NASCAR Cup Series career
- 1 race run over 1 year
- Best finish: 119th (1963)
- First race: 1963 Race No. 2 (Golden Gate Speedway)
| Wins | Top tens | Poles |
| 0 | 1 | 0 |

= Buzzie Reutimann =

American racing driver

Emil Lloyd "Buzzie" Reutimann (born May 7, 1941) is a former NASCAR driver from Zephyrhills, Florida. He is the father of former driver David Reutimann. Reutimann was inducted into the Northeast Dirt Modified Hall of Fame in 1997 and the Eastern Motorsport Press Association Hall of Fame in 2006.

==Racing career==
Reutimann began working on race cars at age 13 despite his mother's protests.

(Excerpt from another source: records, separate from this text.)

lemma fls_nth_neg_one_power_times: "fls_nth ((-1) ^ N * f) m = (-1) ^ N * fls_nth (f :: int fls) m"
  by (cases "even N") simp_all

lemma fls_nth_state_sum_top:
  fixes e :: "'s \<Rightarrow> int" and n :: "'s \<Rightarrow> nat"
  assumes "finite S" "s0 \<in> S"
    and dominated: "\<And>s. s \<in> S \<Longrightarrow> s \<noteq> s0 \<Longrightarrow> e s + int (n s) < e s0 + int (n s0)"
    and m: "e s0 + int (n s0) \<le> m"
  shows "fls_nth (\<Sum>s\<in>S. smon (e s) * loop_val ^ n s) m =
           (if m = e s0 + int (n s0) then (-1) ^ n s0 else 0)"
proof -
  have nth_term: "fls_nth (smon (e s) * loop_val ^ n s) m =
      (if m = e s + int (n s) then (-1) ^ n s else 0)" if "e s + int (n s) \<le> m" for s
    using that fls_nth_loop_val_power[of "n s"] by (auto simp: fls_nth_smon_times)
  have "fls_nth (\<Sum>s\<in>S. smon (e s) * loop_val ^ n s) m
      = (\<Sum>s\<in>S. fls_nth (smon (e s) * loop_val ^ n s) m)"
    by (rule fls_nth_sum)
  also have "\<dots> = fls_nth (smon (e s0) * loop_val ^ n s0) m
      + (\<Sum>s\<in>S - {s0}. fls_nth (smon (e s) * loop_val ^ n s) m)"
    using assms(1,2) by (rule sum.remove)
  also have "(\<Sum>s\<in>S - {s0}. fls_nth (smon (e s) * loop_val ^ n s) m) = 0"
  proof (rule sum.neutral, rule ballI)
    fix s assume "s \<in> S - {s0}"
    then have "e s + int (n s) < m" using dominated m by fastforce
    then show "fls_nth (smon (e s) * loop_val ^ n s) m = 0" using nth_term[of s] by simp
  qed
  finally show ?thesis using nth_term[OF m] by simp
qed

section \<open>Kauffman states of closed 3-braids\<close>

lemma finite_state_points: "finite (state_points n)"
  by (simp add: state_points_def)

lemma state_loops_conn: "state_loops w st = card (state_points (length w) // conn (state_edges w st))"
  by (simp add: state_loops_def conn_def)

lemma state_edges_vertical:
  "k < length w \<Longrightarrow> j \<in> {1, 2, 3} \<Longrightarrow> st ! k \<or> j \<notin> {nat \<bar>w ! k\<bar>, nat \<bar>w ! k\<bar> + 1} \<Longrightarrow>
    ((k, j), (Suc k, j)) \<in> state_edges w st"
  unfolding state_edges_def by simp

lemma state_edges_cap:
  "k < length w \<Longrightarrow> \<not> st ! k \<Longrightarrow> ((k, nat \<bar>w ! k\<bar>), (k, nat \<bar>w ! k\<bar> + 1)) \<in> state_edges w st"
  and state_edges_cup:
  "k < length w \<Longrightarrow> \<not> st ! k \<Longrightarrow>
    ((Suc k, nat \<bar>w ! k\<bar>), (Suc k, nat \<bar>w ! k\<bar> + 1)) \<in> state_edges w st"
  and state_edges_closure:
  "j \<in> {1, 2, 3} \<Longrightarrow> ((length w, j), (0, j)) \<in> state_edges w st"
  unfolding state_edges_def by simp_all

lemma state_edges_cases:
  assumes "(p, q) \<in> state_edges w st"
  obtains (vertical) k j where "p = (k, j)" "q = (Suc k, j)" "k < length w" "j \<in> {1, 2, 3}"
      "st ! k \<or> j \<notin> {nat \<bar>w ! k\<bar>, nat \<bar>w ! k\<bar> + 1}"
    | (cap) k where "p = (k, nat \<bar>w ! k\<bar>)" "q = (k, nat \<bar>w ! k\<bar> + 1)" "k < length w" "\<not> st ! k"
    | (cup) k where "p = (Suc k, nat \<bar>w ! k\<bar>)" "q = (Suc k, nat \<bar>w ! k\<bar> + 1)"
        "k < length w" "\<not> st ! k"
    | (closure) j where "p = (length w, j)" "q = (0, j)" "j \<in> {1, 2, 3}"
  using assms unfolding state_edges_def by auto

Primarily a short track racer, he made one NASCAR start on November 11, 1962, in Tampa, Florida, at Golden Gate Speedway. He started 18th and finished tenth in the event, which was considered part of the 1963 season. He was given the nickname "Buzzie" at birth after several nurses noticed he made buzzing sounds as an infant. He drove the number No. 00, and so did his son David in the Cup Series.

While competing on dirt tracks in the Northeast, Reutimann was a summer resident on a farm in the Asbury section of Franklin Township, Warren County, New Jersey.

In 1972, Reutimann won the dirt modified track championship at the Orange County Fair Speedway in Middletown, New York. That same year he captured the win at the prestigious Eastern States 200. Reutimann would also win the first running of the event now known as Super Dirt Week in 1972 at the Syracuse Fairgrounds. He would win again in 1973.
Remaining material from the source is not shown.